=== Collected data entries ===
◆ ◆ ◆ ◆ ◆
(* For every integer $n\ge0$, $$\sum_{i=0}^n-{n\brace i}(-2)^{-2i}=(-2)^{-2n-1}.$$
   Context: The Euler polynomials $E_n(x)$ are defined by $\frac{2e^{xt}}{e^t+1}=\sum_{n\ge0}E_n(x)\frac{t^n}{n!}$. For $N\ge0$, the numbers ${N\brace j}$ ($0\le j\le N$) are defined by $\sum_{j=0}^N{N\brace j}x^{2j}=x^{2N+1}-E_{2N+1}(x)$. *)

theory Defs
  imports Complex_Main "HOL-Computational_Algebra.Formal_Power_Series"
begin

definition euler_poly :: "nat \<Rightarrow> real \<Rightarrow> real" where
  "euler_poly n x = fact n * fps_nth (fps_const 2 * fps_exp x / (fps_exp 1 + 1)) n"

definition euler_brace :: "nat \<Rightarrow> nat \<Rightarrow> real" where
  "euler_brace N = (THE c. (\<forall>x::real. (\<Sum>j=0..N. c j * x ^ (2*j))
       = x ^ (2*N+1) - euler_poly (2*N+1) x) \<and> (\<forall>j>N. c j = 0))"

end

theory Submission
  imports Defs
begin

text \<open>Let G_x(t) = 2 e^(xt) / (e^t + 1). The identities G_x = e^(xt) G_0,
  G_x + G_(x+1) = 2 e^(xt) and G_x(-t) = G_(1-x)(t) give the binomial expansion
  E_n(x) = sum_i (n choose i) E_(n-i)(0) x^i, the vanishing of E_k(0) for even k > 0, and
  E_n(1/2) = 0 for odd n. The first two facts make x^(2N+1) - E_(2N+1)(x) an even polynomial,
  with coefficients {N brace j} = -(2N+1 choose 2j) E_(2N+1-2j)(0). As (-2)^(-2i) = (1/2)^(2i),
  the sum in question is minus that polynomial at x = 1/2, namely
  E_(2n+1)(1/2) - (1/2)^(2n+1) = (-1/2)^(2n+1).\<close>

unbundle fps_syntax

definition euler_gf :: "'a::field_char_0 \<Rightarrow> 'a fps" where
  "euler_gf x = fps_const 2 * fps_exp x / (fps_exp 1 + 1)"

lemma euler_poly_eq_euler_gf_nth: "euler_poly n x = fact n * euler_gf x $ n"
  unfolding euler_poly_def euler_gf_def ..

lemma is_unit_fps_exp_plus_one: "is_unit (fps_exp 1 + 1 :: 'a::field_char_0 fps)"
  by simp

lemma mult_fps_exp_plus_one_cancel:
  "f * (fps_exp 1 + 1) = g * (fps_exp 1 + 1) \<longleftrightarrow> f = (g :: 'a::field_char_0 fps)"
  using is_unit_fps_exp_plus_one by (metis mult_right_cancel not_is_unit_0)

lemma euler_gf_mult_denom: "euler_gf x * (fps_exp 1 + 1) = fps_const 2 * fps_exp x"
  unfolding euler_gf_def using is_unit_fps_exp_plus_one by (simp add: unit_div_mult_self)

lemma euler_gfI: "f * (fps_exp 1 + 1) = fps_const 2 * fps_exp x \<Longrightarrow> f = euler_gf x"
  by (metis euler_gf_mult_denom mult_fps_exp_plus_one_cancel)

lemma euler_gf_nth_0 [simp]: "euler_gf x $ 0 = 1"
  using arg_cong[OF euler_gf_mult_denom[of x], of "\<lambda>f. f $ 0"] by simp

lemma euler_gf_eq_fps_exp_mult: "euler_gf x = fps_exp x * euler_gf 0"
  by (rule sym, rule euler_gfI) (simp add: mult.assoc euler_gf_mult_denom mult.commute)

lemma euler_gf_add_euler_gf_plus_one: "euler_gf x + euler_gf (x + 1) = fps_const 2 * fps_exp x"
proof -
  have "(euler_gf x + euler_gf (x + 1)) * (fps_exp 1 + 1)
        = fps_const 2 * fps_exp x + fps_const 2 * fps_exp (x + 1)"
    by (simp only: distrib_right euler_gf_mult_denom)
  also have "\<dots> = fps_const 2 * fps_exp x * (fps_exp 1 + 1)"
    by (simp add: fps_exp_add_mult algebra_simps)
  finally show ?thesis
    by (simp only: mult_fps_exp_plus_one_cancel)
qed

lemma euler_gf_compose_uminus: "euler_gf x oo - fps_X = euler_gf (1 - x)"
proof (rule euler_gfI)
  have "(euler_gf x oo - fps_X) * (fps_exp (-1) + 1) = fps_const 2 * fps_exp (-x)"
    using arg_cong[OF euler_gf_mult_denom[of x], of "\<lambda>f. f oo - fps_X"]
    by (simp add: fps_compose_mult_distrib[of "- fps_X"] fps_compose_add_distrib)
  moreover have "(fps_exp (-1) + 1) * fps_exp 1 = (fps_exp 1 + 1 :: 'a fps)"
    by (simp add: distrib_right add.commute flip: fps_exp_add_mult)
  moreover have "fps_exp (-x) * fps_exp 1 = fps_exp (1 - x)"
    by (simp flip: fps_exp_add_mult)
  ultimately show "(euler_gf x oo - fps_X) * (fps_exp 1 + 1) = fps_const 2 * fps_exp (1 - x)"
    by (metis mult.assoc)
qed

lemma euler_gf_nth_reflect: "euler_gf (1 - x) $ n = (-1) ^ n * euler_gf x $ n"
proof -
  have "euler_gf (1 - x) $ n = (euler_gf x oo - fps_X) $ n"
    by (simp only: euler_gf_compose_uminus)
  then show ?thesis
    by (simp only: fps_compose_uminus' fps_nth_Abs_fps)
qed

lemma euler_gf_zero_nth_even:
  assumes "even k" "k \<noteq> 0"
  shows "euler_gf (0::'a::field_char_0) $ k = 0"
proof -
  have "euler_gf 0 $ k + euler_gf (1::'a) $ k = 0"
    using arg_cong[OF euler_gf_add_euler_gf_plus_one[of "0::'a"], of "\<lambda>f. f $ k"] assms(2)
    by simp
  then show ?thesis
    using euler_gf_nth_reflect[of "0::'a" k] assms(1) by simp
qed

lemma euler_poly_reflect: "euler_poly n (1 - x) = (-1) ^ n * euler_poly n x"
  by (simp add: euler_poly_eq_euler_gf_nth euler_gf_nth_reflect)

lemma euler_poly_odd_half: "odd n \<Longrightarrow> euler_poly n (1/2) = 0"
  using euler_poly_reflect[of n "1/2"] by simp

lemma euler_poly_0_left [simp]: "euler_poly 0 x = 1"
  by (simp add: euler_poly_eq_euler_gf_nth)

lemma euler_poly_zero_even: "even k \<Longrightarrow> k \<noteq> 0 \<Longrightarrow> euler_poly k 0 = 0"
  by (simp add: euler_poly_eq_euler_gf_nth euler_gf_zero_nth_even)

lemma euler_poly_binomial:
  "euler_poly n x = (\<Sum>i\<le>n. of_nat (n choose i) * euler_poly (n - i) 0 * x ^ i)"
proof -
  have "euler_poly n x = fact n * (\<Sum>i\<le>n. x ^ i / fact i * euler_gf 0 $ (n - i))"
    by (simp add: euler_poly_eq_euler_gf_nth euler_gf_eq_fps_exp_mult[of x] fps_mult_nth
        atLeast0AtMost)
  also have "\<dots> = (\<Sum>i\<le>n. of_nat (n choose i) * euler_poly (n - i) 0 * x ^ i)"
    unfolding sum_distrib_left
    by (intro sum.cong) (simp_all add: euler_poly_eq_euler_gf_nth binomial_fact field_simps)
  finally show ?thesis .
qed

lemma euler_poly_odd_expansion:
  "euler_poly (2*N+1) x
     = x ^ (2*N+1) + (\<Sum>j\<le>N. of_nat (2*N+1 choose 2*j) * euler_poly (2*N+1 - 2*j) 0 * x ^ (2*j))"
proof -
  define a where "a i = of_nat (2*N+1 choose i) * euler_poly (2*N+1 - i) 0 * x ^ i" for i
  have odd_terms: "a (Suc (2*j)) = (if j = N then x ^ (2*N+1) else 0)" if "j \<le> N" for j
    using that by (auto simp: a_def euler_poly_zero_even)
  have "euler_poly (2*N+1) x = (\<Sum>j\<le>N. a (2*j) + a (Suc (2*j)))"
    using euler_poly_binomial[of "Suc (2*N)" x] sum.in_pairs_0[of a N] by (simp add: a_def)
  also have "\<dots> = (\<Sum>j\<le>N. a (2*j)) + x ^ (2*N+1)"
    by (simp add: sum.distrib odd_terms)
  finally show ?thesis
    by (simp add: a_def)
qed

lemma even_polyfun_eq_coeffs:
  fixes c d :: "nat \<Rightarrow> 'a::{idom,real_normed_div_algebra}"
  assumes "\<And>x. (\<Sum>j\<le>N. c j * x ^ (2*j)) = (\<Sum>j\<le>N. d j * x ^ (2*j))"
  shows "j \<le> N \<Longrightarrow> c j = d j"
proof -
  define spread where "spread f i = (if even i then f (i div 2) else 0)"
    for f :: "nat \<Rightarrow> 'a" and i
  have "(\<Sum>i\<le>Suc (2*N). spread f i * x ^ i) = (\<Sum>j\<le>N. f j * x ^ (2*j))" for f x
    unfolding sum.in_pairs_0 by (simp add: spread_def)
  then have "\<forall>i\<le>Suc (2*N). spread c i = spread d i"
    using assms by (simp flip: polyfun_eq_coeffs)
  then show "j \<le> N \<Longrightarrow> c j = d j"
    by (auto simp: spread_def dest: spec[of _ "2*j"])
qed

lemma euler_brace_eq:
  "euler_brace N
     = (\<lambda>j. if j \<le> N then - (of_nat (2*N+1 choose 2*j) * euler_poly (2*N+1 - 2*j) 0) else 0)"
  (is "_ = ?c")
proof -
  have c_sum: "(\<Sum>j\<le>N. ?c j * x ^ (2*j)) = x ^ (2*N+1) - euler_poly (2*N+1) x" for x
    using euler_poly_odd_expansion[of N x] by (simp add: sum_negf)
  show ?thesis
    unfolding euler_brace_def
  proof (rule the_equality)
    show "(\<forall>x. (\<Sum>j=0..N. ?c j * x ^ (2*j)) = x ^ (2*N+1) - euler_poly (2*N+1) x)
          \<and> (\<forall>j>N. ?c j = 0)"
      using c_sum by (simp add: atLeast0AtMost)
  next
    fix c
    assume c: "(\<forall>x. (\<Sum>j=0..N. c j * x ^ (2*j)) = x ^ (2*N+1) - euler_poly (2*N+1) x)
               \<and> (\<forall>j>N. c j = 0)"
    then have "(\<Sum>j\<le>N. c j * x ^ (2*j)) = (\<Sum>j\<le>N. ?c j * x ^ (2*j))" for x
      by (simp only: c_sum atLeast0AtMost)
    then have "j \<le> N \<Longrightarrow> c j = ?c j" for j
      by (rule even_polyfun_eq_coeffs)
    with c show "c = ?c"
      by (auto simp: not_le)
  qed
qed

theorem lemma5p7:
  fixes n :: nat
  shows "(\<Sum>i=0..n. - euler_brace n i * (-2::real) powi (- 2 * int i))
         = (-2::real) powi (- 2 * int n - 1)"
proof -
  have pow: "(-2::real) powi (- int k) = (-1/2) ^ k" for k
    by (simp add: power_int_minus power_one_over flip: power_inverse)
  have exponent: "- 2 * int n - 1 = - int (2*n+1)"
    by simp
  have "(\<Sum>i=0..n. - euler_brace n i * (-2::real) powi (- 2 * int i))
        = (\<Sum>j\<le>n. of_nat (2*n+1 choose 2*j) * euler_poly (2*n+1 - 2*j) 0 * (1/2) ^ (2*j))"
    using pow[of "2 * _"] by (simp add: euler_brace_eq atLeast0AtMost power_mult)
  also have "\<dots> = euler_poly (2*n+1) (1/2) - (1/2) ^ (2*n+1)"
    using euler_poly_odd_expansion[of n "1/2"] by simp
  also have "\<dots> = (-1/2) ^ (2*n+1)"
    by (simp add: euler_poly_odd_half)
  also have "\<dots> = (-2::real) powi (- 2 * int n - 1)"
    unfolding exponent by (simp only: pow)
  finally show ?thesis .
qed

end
◆ ◆ ◆ ◆ ◆
=== Problem to solve ===
Taking the entries above, write out exactly each line from the one holding "fact n * euler_gf" to the one holding "x = fps_exp", both included, and stop there.

=== The completed task ===
lemma euler_poly_eq_euler_gf_nth: "euler_poly n x = fact n * euler_gf x $ n"
  unfolding euler_poly_def euler_gf_def ..

lemma is_unit_fps_exp_plus_one: "is_unit (fps_exp 1 + 1 :: 'a::field_char_0 fps)"
  by simp

lemma mult_fps_exp_plus_one_cancel:
  "f * (fps_exp 1 + 1) = g * (fps_exp 1 + 1) \<longleftrightarrow> f = (g :: 'a::field_char_0 fps)"
  using is_unit_fps_exp_plus_one by (metis mult_right_cancel not_is_unit_0)

lemma euler_gf_mult_denom: "euler_gf x * (fps_exp 1 + 1) = fps_const 2 * fps_exp x"
  unfolding euler_gf_def using is_unit_fps_exp_plus_one by (simp add: unit_div_mult_self)

lemma euler_gfI: "f * (fps_exp 1 + 1) = fps_const 2 * fps_exp x \<Longrightarrow> f = euler_gf x"
  by (metis euler_gf_mult_denom mult_fps_exp_plus_one_cancel)

lemma euler_gf_nth_0 [simp]: "euler_gf x $ 0 = 1"
  using arg_cong[OF euler_gf_mult_denom[of x], of "\<lambda>f. f $ 0"] by simp

lemma euler_gf_eq_fps_exp_mult: "euler_gf x = fps_exp x * euler_gf 0"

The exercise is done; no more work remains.